* _Instructions for the task_: Count the lines below that include "fixes". Only the number should be given.

--- Data shown ---

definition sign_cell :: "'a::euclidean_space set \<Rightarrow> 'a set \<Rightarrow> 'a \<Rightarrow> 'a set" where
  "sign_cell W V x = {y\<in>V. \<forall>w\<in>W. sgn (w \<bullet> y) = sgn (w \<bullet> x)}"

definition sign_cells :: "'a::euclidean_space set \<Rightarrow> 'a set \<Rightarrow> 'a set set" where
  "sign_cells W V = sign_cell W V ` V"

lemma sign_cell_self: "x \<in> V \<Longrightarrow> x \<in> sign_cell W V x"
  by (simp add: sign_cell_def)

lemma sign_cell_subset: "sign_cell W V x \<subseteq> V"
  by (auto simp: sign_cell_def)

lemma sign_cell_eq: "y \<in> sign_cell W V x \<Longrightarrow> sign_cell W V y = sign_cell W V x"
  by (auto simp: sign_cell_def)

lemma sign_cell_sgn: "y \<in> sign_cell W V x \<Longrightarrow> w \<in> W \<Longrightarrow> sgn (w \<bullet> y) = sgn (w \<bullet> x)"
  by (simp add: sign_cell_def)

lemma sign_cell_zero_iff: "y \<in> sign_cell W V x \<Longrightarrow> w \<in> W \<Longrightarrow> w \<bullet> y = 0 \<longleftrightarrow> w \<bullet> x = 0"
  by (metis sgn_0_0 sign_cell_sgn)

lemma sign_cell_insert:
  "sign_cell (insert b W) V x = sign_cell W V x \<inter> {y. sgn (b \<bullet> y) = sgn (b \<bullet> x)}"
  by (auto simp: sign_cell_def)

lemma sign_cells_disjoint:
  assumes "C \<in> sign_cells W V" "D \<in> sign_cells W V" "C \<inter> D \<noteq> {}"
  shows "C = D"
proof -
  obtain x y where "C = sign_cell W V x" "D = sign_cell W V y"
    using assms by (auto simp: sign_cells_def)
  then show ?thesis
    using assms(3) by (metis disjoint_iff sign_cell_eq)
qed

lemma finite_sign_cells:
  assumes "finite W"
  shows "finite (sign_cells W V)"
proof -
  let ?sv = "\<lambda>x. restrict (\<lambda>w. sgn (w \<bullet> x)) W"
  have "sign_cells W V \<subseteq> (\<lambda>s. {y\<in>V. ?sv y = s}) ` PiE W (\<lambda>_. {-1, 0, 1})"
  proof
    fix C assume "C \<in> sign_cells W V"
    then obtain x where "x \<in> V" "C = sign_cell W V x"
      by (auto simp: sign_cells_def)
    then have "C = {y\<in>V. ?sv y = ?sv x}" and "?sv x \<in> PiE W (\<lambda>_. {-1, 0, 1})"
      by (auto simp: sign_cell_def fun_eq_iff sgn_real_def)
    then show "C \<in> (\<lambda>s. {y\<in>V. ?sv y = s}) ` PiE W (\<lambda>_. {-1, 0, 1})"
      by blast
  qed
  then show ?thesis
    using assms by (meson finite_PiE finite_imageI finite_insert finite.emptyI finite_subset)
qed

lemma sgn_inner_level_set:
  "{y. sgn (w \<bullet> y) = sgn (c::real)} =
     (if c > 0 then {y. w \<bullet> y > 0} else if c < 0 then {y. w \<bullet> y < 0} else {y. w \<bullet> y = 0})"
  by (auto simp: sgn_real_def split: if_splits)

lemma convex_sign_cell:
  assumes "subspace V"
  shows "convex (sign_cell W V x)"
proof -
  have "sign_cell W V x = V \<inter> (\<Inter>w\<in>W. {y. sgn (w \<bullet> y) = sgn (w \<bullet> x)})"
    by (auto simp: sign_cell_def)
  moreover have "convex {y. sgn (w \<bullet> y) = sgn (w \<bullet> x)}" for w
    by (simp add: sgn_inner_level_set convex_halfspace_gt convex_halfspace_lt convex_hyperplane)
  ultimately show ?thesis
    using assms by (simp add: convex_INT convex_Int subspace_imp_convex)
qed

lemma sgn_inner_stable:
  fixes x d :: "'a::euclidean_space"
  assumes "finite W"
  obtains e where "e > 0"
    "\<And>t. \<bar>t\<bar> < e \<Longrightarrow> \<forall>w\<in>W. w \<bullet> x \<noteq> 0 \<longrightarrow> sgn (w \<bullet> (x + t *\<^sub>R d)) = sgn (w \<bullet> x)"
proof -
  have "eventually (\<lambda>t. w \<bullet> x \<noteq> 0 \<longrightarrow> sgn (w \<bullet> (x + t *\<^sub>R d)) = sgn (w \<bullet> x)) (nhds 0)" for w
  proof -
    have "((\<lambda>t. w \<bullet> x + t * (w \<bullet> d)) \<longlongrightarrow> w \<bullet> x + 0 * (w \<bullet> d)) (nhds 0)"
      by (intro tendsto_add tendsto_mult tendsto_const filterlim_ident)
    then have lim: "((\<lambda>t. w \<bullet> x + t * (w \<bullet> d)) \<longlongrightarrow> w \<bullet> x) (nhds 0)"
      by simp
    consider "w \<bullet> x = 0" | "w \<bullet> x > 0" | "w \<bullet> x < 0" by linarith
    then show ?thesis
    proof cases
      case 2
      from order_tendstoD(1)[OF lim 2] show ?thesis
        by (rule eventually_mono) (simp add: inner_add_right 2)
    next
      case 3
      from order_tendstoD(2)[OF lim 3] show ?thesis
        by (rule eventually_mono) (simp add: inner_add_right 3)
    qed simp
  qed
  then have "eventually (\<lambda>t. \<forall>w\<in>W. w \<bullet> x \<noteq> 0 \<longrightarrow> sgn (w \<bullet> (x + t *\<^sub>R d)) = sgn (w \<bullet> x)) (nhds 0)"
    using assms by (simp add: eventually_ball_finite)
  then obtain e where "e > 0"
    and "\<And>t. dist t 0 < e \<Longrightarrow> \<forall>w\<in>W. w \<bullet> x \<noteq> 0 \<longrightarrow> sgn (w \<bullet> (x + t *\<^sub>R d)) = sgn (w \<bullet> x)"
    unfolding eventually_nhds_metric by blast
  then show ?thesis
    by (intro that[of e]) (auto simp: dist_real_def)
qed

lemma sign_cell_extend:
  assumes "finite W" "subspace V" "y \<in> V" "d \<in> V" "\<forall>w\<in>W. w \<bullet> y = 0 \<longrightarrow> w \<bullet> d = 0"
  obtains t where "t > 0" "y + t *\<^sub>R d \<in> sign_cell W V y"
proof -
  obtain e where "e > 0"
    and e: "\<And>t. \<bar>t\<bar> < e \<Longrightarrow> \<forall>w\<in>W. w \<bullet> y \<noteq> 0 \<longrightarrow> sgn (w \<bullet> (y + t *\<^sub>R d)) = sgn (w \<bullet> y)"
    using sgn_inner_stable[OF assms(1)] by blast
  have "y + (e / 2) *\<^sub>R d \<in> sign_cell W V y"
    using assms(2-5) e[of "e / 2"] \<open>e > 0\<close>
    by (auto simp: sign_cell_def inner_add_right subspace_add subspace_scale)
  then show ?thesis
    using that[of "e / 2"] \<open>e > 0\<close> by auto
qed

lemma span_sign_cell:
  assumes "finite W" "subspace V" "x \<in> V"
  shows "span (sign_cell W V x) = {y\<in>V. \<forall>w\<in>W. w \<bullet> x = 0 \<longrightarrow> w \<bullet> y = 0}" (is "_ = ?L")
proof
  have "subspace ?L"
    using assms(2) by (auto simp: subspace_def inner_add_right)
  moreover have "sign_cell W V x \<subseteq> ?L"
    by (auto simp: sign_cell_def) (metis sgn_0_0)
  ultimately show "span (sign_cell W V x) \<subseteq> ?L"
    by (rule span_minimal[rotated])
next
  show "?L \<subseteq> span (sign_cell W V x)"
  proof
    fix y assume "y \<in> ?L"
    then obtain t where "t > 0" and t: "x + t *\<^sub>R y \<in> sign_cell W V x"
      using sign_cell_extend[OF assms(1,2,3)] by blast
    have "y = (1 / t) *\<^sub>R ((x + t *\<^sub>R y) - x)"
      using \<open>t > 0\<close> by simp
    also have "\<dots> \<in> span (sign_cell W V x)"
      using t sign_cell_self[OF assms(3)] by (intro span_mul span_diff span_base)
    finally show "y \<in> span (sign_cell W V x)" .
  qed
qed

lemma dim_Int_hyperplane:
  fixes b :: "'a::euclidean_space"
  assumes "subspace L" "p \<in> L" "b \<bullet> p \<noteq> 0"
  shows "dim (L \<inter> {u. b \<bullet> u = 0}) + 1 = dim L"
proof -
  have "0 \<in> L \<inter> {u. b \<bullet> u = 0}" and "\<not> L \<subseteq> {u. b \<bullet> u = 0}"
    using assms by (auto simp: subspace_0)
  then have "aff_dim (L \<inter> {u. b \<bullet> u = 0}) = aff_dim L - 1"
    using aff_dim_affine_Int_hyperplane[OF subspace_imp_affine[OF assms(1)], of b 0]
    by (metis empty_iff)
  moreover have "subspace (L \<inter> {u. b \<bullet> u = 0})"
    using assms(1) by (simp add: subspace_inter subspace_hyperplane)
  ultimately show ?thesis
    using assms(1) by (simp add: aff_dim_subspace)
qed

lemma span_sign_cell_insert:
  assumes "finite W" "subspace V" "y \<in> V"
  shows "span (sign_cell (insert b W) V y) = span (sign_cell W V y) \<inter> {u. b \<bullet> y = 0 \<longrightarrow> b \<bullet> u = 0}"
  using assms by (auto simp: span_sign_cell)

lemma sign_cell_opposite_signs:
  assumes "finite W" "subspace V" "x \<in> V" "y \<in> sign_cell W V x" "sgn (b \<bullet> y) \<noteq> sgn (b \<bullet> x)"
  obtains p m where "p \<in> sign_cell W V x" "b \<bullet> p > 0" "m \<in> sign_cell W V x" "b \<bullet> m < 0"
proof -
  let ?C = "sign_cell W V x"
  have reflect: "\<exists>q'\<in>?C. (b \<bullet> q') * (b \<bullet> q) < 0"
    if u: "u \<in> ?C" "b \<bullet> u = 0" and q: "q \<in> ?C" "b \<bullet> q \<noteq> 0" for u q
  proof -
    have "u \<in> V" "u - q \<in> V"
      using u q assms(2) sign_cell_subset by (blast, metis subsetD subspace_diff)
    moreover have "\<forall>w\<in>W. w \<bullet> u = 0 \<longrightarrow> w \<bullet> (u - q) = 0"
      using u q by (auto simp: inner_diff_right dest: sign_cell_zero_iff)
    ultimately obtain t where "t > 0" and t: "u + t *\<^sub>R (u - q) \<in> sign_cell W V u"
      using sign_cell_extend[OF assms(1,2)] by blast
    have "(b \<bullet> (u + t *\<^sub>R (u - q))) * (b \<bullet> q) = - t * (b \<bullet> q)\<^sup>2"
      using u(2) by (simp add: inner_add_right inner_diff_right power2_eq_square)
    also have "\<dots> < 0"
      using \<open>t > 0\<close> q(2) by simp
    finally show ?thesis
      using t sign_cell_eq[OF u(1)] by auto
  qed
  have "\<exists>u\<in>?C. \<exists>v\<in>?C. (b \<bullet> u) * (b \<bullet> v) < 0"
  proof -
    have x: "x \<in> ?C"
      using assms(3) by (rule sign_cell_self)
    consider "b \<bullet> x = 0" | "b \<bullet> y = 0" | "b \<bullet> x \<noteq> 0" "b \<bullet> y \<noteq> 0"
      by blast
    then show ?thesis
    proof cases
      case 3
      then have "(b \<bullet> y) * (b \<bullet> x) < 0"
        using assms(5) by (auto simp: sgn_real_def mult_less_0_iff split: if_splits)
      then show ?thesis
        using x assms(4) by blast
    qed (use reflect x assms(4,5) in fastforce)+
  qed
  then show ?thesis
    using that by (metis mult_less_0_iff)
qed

---

* _Expected output_: 2